*ABOUT THIS TASK*.
Go through the listing below from its first line and repeat each line exactly, ending at the line containing "c \<phi> \<longleftrightarrow>" and including it.

━━ RECORDS FOR THIS TASK

(* Let $A$ be a balanced parenthesis sequence inducing the ordered matching $M$. Then $(A)$ is a balanced parenthesis sequence; let $M'$ be the matching it induces and let $|M'|$ denote the number of vertices of $M'$. Then $$r_<(M',K_3)\le r_<(M,K_3)+|M'|+1.$$
   Context: An ordered graph on $[N]$ is a graph with vertex set $\{1,\dots,N\}$ equipped with the natural order. Given a red/blue coloring of the edges of the complete graph on $[N]$, a red (ordered) copy of an ordered graph $G$ on $[p]$ is a strictly increasing map $\varphi:[p]\to[N]$ such that $\varphi(u)\varphi(v)$ is red for every edge $uv$ of $G$. The ordered Ramsey number $r_<(G,K_3)$ is the smallest $N$ such that every red/blue coloring of the edges of the complete graph on $[N]$ contains either a red ordered copy of $G$ or a blue triangle. A balanced parenthesis sequence of length $2m$ is a correctly matched string of $m$ open and $m$ close parentheses (possibly empty); it induces the ordered matching on $[2m]$ whose edges are the pairs $\{i,j\}$ such that the parenthesis at position $i$ is an open parenthesis matched with the close parenthesis at position $j$. *)

theory Defs
  imports Main
begin

text \<open>Parenthesis sequences are bool lists: True = open parenthesis, False = close.
  Positions are 1-indexed: position i is the element xs ! (i - 1).\<close>

inductive balanced :: "bool list \<Rightarrow> bool" where
  bal_Nil: "balanced []"
| bal_wrap: "balanced A \<Longrightarrow> balanced (True # A @ [False])"
| bal_app: "balanced A \<Longrightarrow> balanced B \<Longrightarrow> balanced (A @ B)"

definition matching_edges :: "bool list \<Rightarrow> nat set set" where
  "matching_edges A = {{i, j} | i j. 1 \<le> i \<and> i < j \<and> j \<le> length A \<and>
      A ! (i - 1) \<and> \<not> A ! (j - 1) \<and> balanced (take (j - i - 1) (drop i A))}"

text \<open>An ordered graph on [p] is given by p and an edge set E of 2-subsets of {1..p}.
  A colouring of the complete graph on [N] is c :: nat set => bool, c {u,v} = True meaning red.\<close>
definition red_ordered_copy ::
    "nat \<Rightarrow> nat set set \<Rightarrow> nat \<Rightarrow> (nat set \<Rightarrow> bool) \<Rightarrow> (nat \<Rightarrow> nat) \<Rightarrow> bool" where
  "red_ordered_copy p E N c \<phi> \<longleftrightarrow>
     strict_mono_on {1..p} \<phi> \<and> \<phi> ` {1..p} \<subseteq> {1..N} \<and> (\<forall>e\<in>E. c (\<phi> ` e))"

definition blue_triangle :: "nat \<Rightarrow> (nat set \<Rightarrow> bool) \<Rightarrow> bool" where
  "blue_triangle N c \<longleftrightarrow> (\<exists>a b d. 1 \<le> a \<and> a < b \<and> b < d \<and> d \<le> N \<and>
      \<not> c {a, b} \<and> \<not> c {b, d} \<and> \<not> c {a, d})"

definition ord_ramsey_K3 :: "nat \<Rightarrow> nat set set \<Rightarrow> nat" where
  "ord_ramsey_K3 p E = (LEAST N. \<forall>c. (\<exists>\<phi>. red_ordered_copy p E N c \<phi>) \<or> blue_triangle N c)"

end

theory Submission
  imports Defs "HOL-Library.Infinite_Set"
begin

text \<open>
  Let \<open>n = r\<^sub><(M, K\<^sub>3)\<close>, \<open>q = |M'|\<close>, and colour the complete graph on \<open>[n + q + 1]\<close>
  without a blue triangle. Vertex \<open>1\<close> has \<open>n + q\<close> neighbours, so either \<open>q\<close> of them are
  blue neighbours, which then form a red clique and carry a red copy of any ordered graph on
  \<open>[q]\<close>, or \<open>n + 1\<close> of them are red neighbours. In the second case let \<open>b\<close> be the largest
  red neighbour; the other \<open>n\<close> contain a red copy of \<open>M\<close>, lying strictly between \<open>1\<close> and
  \<open>b\<close>, and adding the red edge \<open>{1, b}\<close> turns it into a copy of \<open>M'\<close>, whose edges are
  those of \<open>M\<close> shifted by one together with the outer pair \<open>{1, q}\<close>. The same neighbourhood
  split shows that \<open>r\<^sub><(K\<^sub>p, K\<^sub>3)\<close> is finite, so all Ramsey numbers involved exist.
\<close>

definition height :: "bool list \<Rightarrow> int" where
  "height xs = (\<Sum>b\<leftarrow>xs. if b then 1 else -1)"

lemma height_simps [simp]:
  "height [] = 0"
  "height (b # xs) = (if b then 1 else -1) + height xs"
  "height (xs @ ys) = height xs + height ys"
  by (simp_all add: height_def)

lemma height_balanced: "balanced xs \<Longrightarrow> height xs = 0"
  by (induction rule: balanced.induct) simp_all

lemma height_take_balanced_nonneg: "balanced xs \<Longrightarrow> height (take k xs) \<ge> 0"
proof (induction arbitrary: k rule: balanced.induct)
  case bal_Nil
  then show ?case by simp
next
  case (bal_wrap A)
  have body: "height (take k (A @ [False])) \<ge> -1" for k
    using bal_wrap.IH[of k] height_balanced[OF bal_wrap.hyps]
    by (cases "k \<le> length A") simp_all
  show ?case
  proof (cases k)
    case (Suc k')
    then show ?thesis using body[of k'] by simp
  qed simp
next
  case (bal_app A B)
  then show ?case using height_balanced[OF bal_app.hyps(1)] by (cases "k \<le> length A") simp_all
qed

lemma balanced_prefix_followed_by_open:
  assumes "balanced xs" "balanced (take k xs)" "k < length xs"
  shows "xs ! k"
proof -
  have "height (take (Suc k) xs) = height (take k xs) + (if xs ! k then 1 else -1)"
    using assms(3) by (simp add: take_Suc_conv_app_nth)
  then show ?thesis
    using height_take_balanced_nonneg[OF assms(1), of "Suc k"] height_balanced[OF assms(2)]
    by (auto split: if_splits)
qed

lemma balanced_suffix_preceded_by_close:
  assumes "balanced xs" "balanced (drop (Suc k) xs)" "k < length xs"
  shows "\<not> xs ! k"
proof -
  have "height xs = height (take k xs) + (if xs ! k then 1 else -1) + height (drop (Suc k) xs)"
    using id_take_nth_drop[OF assms(3)] by (metis add.assoc height_simps(2,3))
  then show ?thesis
    using height_balanced[OF assms(1)] height_balanced[OF assms(2)]
      height_take_balanced_nonneg[OF assms(1), of k]
    by (auto split: if_splits)
qed

lemma matching_edges_wrap:
  assumes "balanced A"
  shows "matching_edges (True # A @ [False]) \<subseteq>
           insert {1, length A + 2} ((`) Suc ` matching_edges A)"
proof
  let ?W = "True # A @ [False]"
  fix e assume "e \<in> matching_edges ?W"
  then obtain i j where e: "e = {i, j}" and ij: "1 \<le> i" "i < j" "j \<le> length A + 2"
    and open_i: "?W ! (i - 1)" and close_j: "\<not> ?W ! (j - 1)"
    and between: "balanced (take (j - i - 1) (drop i ?W))"
    unfolding matching_edges_def by auto
  consider "i = 1" "j = length A + 2" | "i = 1" "j \<le> length A + 1"
    | "2 \<le> i" "j = length A + 2" | "2 \<le> i" "j \<le> length A + 1"
    using ij by linarith
  then show "e \<in> insert {1, length A + 2} ((`) Suc ` matching_edges A)"
  proof cases
    case 1
    then show ?thesis using e by simp
  next
    case 2
    then have "j - 2 < length A" using ij by linarith
    moreover from this 2 have "balanced (take (j - 2) A)" "\<not> A ! (j - 2)"
      using ij between close_j by (simp_all add: nth_append numeral_2_eq_2)
    ultimately show ?thesis using balanced_prefix_followed_by_open[OF assms] by blast
  next
    case 3
    then have "i - 2 < length A" "Suc (i - 2) = i - 1" using ij by linarith+
    moreover from this 3 have "balanced (drop (Suc (i - 2)) A)" "A ! (i - 2)"
      using between open_i by (simp_all add: nth_append drop_Cons' numeral_2_eq_2)
    ultimately show ?thesis using balanced_suffix_preceded_by_close[OF assms] by blast
  next
    case 4
    then have "i - 2 < length A" "j - 2 < length A" using ij by linarith+
    with 4 have "A ! (i - 1 - 1)" "\<not> A ! (j - 1 - 1)"
      "balanced (take (j - 1 - (i - 1) - 1) (drop (i - 1) A))"
      using ij between open_i close_j by (simp_all add: nth_append drop_Cons' numeral_2_eq_2)
    then have "{i - 1, j - 1} \<in> matching_edges A"
      using 4 ij unfolding matching_edges_def
      by (intro CollectI exI[of _ "i - 1"] exI[of _ "j - 1"]) (auto simp: numeral_2_eq_2)
    moreover have "e = Suc ` {i - 1, j - 1}" using e 4 ij by auto
    ultimately show ?thesis by blast
  qed
qed

definition red_clique :: "'a set \<Rightarrow> ('a set \<Rightarrow> bool) \<Rightarrow> bool" where
  "red_clique K c \<longleftrightarrow> (\<forall>x\<in>K. \<forall>y\<in>K. x \<noteq> y \<longrightarrow> c {x, y})"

━━━━

*SOLUTION TO THE EXERCISE*.
(* Let $A$ be a balanced parenthesis sequence inducing the ordered matching $M$. Then $(A)$ is a balanced parenthesis sequence; let $M'$ be the matching it induces and let $|M'|$ denote the number of vertices of $M'$. Then $$r_<(M',K_3)\le r_<(M,K_3)+|M'|+1.$$
   Context: An ordered graph on $[N]$ is a graph with vertex set $\{1,\dots,N\}$ equipped with the natural order. Given a red/blue coloring of the edges of the complete graph on $[N]$, a red (ordered) copy of an ordered graph $G$ on $[p]$ is a strictly increasing map $\varphi:[p]\to[N]$ such that $\varphi(u)\varphi(v)$ is red for every edge $uv$ of $G$. The ordered Ramsey number $r_<(G,K_3)$ is the smallest $N$ such that every red/blue coloring of the edges of the complete graph on $[N]$ contains either a red ordered copy of $G$ or a blue triangle. A balanced parenthesis sequence of length $2m$ is a correctly matched string of $m$ open and $m$ close parentheses (possibly empty); it induces the ordered matching on $[2m]$ whose edges are the pairs $\{i,j\}$ such that the parenthesis at position $i$ is an open parenthesis matched with the close parenthesis at position $j$. *)

theory Defs
  imports Main
begin

text \<open>Parenthesis sequences are bool lists: True = open parenthesis, False = close.
  Positions are 1-indexed: position i is the element xs ! (i - 1).\<close>

inductive balanced :: "bool list \<Rightarrow> bool" where
  bal_Nil: "balanced []"
| bal_wrap: "balanced A \<Longrightarrow> balanced (True # A @ [False])"
| bal_app: "balanced A \<Longrightarrow> balanced B \<Longrightarrow> balanced (A @ B)"

definition matching_edges :: "bool list \<Rightarrow> nat set set" where
  "matching_edges A = {{i, j} | i j. 1 \<le> i \<and> i < j \<and> j \<le> length A \<and>
      A ! (i - 1) \<and> \<not> A ! (j - 1) \<and> balanced (take (j - i - 1) (drop i A))}"

text \<open>An ordered graph on [p] is given by p and an edge set E of 2-subsets of {1..p}.
  A colouring of the complete graph on [N] is c :: nat set => bool, c {u,v} = True meaning red.\<close>
definition red_ordered_copy ::
    "nat \<Rightarrow> nat set set \<Rightarrow> nat \<Rightarrow> (nat set \<Rightarrow> bool) \<Rightarrow> (nat \<Rightarrow> nat) \<Rightarrow> bool" where
  "red_ordered_copy p E N c \<phi> \<longleftrightarrow>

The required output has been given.